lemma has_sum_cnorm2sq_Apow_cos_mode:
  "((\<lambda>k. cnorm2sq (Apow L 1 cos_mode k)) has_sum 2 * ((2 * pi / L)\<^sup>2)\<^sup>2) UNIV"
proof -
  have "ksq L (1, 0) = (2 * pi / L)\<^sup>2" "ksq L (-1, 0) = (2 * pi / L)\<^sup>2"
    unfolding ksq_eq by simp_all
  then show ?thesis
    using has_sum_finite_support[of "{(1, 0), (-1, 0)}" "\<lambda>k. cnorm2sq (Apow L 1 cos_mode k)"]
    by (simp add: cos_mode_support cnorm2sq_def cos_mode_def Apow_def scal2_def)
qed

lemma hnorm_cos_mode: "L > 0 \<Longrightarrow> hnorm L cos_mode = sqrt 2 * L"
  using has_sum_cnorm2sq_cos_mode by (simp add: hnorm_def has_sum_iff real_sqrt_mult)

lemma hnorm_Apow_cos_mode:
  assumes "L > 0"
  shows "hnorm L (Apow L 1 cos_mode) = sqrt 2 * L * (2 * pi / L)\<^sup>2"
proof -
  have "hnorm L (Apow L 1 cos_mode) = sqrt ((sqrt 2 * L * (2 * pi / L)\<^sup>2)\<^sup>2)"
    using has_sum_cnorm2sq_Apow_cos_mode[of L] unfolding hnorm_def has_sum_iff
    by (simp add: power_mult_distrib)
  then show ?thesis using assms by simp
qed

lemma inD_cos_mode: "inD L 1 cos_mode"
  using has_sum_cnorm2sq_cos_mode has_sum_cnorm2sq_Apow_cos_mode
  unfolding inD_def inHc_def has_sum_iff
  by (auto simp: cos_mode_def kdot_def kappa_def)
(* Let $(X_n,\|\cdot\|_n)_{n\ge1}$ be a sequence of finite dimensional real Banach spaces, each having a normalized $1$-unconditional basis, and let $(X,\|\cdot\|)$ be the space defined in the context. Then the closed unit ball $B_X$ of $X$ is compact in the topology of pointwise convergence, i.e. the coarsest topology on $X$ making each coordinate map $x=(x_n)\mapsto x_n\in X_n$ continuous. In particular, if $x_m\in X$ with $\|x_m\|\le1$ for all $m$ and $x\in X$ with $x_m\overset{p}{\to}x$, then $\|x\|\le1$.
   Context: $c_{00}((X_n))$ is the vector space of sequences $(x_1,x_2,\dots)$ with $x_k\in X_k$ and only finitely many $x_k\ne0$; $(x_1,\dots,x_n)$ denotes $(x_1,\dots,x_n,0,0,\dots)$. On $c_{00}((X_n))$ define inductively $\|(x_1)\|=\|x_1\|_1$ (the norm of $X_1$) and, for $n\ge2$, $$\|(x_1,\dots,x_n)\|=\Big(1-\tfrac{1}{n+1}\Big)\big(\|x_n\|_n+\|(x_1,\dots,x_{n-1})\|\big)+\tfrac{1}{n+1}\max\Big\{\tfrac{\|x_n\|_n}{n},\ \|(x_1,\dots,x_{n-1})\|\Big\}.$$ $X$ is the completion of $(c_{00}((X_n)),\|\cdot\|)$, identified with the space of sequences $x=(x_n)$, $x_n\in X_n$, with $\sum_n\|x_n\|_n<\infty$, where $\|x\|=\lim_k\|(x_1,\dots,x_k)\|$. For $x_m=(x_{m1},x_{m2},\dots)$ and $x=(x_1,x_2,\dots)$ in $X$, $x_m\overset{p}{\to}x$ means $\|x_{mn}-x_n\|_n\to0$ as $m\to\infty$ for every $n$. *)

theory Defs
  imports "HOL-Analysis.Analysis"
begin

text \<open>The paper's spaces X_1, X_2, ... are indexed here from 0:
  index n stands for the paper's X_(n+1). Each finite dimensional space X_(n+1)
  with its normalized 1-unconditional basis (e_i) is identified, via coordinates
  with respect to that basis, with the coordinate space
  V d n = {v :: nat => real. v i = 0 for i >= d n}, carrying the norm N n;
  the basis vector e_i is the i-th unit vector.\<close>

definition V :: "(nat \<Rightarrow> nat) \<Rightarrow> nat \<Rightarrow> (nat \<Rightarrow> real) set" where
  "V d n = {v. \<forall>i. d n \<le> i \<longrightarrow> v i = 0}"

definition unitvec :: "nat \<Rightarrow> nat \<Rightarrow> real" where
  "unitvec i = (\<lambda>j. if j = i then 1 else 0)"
* * *
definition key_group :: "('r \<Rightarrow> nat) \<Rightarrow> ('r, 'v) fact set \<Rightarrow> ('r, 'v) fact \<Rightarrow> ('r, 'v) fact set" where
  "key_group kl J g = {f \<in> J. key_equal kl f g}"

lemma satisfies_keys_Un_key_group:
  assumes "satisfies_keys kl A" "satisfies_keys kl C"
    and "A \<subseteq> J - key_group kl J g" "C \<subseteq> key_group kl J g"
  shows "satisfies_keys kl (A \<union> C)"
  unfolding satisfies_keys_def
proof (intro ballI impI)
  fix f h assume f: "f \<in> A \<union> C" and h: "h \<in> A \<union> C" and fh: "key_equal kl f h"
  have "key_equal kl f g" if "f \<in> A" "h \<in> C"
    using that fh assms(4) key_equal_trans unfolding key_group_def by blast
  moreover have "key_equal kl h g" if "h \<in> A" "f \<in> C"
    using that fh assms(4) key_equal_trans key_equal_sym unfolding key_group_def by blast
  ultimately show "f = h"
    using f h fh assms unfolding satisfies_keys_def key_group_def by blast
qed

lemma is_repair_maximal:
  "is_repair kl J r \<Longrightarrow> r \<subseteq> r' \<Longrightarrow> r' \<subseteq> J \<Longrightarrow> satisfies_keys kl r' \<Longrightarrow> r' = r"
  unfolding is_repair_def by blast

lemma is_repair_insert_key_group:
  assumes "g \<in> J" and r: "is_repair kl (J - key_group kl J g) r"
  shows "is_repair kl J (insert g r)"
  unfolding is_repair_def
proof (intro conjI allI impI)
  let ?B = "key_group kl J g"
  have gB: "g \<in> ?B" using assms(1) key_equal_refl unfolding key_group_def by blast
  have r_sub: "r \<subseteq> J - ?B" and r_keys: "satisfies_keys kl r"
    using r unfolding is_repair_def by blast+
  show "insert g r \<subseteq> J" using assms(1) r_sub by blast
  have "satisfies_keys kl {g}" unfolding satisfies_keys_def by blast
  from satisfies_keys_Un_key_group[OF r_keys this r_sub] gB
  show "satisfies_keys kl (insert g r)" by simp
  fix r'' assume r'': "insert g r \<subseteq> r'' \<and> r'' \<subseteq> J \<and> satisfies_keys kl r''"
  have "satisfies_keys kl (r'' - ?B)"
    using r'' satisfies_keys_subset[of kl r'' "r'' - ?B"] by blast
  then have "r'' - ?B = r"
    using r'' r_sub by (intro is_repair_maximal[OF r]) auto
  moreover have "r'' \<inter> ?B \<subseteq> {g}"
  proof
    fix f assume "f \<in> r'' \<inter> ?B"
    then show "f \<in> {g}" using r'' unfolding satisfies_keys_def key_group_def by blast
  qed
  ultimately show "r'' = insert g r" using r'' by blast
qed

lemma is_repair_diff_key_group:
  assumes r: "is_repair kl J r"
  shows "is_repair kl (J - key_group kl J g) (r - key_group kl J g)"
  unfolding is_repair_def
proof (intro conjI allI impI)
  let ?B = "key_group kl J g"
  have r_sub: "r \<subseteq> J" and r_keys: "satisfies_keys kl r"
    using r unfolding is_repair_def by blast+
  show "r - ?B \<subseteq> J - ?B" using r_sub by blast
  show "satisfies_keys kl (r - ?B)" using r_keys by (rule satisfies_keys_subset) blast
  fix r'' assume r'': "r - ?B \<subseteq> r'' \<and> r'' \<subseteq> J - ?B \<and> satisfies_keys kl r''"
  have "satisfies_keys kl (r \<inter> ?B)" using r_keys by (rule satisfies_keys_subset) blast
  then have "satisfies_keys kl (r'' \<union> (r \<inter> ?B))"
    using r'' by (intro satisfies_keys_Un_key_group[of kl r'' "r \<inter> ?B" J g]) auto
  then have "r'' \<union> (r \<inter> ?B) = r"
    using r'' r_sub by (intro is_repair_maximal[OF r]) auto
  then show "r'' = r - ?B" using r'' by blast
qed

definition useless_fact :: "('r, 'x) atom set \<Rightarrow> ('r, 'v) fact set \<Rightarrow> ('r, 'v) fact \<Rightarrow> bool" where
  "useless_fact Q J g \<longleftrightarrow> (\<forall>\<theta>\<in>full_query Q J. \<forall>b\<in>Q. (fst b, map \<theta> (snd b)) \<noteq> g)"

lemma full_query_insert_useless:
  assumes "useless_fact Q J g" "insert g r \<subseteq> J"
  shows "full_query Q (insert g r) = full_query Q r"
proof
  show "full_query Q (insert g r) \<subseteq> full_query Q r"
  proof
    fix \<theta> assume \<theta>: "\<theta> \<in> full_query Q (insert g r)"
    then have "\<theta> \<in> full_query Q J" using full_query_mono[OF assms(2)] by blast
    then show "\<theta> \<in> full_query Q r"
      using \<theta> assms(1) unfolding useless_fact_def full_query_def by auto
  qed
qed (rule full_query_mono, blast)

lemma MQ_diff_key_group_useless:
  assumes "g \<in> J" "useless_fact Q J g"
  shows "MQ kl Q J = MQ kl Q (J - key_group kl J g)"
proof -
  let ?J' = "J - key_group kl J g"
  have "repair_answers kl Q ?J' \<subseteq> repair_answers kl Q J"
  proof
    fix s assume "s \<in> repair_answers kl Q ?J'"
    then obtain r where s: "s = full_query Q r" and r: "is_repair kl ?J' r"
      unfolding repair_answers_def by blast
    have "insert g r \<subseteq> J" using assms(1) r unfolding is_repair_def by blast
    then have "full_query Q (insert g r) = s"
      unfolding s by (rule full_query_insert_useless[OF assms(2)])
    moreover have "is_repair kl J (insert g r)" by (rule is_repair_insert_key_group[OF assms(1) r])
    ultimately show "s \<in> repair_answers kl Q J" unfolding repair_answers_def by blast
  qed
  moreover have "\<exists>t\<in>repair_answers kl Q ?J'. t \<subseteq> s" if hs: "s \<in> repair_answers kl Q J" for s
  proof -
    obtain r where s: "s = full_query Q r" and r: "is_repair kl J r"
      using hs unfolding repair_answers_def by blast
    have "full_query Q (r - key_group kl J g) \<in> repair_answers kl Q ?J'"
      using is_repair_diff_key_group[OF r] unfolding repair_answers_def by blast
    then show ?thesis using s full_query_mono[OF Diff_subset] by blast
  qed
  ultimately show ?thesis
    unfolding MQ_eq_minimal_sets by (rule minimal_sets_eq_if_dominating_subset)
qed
---
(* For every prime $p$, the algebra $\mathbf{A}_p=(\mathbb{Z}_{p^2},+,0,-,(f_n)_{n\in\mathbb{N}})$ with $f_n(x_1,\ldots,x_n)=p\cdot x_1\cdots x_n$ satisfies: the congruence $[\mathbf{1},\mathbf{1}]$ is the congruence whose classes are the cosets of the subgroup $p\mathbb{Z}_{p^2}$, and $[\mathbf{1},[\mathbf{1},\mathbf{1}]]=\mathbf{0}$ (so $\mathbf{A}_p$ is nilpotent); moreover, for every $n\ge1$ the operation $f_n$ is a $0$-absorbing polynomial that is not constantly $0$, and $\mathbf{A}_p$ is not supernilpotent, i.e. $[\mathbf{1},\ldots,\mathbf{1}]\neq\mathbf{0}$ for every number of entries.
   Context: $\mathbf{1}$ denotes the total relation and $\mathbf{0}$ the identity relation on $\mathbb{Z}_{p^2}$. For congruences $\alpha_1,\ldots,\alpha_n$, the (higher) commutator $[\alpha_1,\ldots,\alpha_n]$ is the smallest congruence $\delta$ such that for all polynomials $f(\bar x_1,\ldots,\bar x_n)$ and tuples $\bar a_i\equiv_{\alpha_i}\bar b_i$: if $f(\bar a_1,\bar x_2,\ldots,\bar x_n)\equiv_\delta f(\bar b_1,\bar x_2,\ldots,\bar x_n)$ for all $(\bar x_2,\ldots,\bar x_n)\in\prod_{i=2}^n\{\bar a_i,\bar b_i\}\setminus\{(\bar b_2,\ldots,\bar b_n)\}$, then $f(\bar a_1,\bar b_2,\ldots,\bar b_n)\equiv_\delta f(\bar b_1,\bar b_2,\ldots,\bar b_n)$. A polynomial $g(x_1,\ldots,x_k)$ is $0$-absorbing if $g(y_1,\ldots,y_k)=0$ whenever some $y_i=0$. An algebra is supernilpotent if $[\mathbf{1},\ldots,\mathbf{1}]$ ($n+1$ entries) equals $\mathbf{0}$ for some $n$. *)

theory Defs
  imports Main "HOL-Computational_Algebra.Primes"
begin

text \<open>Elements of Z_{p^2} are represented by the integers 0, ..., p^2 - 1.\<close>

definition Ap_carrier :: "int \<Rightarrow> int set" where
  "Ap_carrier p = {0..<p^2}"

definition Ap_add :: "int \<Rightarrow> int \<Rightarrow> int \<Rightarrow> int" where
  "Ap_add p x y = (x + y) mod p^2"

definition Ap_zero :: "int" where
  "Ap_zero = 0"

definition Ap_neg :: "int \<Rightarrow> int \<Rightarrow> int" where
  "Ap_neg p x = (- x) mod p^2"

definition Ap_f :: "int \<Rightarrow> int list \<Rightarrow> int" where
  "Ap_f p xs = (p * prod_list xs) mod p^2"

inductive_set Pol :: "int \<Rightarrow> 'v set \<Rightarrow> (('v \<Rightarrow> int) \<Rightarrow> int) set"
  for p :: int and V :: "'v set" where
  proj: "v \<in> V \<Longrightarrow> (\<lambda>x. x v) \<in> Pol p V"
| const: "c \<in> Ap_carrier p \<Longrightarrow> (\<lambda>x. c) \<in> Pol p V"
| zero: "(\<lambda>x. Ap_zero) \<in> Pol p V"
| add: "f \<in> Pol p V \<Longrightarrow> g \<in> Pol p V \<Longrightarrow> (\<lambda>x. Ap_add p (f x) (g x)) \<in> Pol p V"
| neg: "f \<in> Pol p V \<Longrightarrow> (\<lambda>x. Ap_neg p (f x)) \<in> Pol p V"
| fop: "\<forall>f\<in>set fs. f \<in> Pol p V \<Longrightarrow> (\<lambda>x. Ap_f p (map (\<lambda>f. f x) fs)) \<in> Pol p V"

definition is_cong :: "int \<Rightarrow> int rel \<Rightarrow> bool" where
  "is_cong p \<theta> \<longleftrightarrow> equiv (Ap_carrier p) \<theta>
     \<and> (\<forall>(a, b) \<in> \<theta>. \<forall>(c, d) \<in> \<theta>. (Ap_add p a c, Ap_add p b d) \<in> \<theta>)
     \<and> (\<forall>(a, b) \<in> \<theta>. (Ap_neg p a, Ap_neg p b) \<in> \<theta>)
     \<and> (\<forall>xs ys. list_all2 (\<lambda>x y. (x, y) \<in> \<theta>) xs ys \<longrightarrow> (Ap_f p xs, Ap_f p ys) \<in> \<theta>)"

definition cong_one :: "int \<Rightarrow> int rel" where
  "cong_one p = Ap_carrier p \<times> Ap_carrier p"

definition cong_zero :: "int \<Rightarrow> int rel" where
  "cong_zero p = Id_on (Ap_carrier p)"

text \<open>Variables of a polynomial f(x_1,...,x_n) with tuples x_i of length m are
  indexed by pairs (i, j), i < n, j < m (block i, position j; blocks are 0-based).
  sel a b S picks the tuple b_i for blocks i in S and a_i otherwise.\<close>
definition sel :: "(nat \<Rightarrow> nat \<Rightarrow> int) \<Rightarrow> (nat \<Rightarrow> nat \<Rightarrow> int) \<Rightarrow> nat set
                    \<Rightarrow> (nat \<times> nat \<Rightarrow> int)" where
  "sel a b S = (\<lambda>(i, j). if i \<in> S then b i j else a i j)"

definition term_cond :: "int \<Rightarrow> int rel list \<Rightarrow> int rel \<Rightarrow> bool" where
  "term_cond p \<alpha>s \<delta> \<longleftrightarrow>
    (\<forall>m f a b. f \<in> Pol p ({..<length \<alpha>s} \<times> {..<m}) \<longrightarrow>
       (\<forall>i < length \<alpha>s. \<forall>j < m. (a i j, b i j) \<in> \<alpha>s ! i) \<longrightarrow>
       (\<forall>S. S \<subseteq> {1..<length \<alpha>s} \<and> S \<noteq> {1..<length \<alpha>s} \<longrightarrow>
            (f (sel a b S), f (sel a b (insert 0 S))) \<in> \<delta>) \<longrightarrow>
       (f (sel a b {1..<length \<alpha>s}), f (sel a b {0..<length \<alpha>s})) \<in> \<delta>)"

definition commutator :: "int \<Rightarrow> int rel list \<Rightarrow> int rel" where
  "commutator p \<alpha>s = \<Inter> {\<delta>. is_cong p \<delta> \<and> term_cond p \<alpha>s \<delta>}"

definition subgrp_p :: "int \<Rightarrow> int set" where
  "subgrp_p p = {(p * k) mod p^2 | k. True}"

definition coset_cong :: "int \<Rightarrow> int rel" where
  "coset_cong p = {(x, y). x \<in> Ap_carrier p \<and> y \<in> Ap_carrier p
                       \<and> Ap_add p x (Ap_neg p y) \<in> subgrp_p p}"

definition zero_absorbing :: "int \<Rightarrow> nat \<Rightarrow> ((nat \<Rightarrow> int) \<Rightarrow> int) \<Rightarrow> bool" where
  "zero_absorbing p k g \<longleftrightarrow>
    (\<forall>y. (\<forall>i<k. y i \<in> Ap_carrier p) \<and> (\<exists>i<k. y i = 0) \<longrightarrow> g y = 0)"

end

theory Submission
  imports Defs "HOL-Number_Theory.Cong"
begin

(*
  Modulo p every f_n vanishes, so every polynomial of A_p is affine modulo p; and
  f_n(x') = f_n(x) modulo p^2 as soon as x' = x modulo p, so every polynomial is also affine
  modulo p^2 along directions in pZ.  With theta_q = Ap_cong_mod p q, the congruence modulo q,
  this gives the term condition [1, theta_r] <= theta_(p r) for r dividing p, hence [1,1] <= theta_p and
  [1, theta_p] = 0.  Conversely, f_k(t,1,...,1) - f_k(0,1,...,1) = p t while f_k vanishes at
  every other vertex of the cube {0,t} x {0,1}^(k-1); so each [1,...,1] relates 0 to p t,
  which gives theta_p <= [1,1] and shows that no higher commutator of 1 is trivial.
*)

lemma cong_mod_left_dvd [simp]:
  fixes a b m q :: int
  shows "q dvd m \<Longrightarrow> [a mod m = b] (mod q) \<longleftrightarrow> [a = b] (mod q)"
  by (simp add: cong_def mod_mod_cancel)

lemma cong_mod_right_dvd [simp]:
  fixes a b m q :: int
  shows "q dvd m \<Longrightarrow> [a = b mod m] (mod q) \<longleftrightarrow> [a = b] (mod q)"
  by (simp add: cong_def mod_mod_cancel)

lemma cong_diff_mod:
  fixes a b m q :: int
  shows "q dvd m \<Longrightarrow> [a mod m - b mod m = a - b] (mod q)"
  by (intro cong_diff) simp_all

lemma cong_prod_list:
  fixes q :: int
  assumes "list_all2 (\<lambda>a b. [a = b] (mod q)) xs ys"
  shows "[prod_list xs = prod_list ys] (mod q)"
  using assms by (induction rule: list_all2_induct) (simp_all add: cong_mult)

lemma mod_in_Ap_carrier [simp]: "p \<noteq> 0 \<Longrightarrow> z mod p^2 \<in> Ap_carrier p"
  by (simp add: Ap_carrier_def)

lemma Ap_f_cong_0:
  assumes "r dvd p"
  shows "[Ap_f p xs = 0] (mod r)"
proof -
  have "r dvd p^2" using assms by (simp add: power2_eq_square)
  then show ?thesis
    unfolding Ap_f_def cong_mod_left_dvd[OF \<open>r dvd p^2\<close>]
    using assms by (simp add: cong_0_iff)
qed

# Your objective
Each line in the entries above, starting at the line with "indexed by pairs" and ending at the line with "(nat \<times> nat", is to be printed exactly, and only those lines.

# Answer below
  indexed by pairs (i, j), i < n, j < m (block i, position j; blocks are 0-based).
  sel a b S picks the tuple b_i for blocks i in S and a_i otherwise.\<close>
definition sel :: "(nat \<Rightarrow> nat \<Rightarrow> int) \<Rightarrow> (nat \<Rightarrow> nat \<Rightarrow> int) \<Rightarrow> nat set
                    \<Rightarrow> (nat \<times> nat \<Rightarrow> int)" where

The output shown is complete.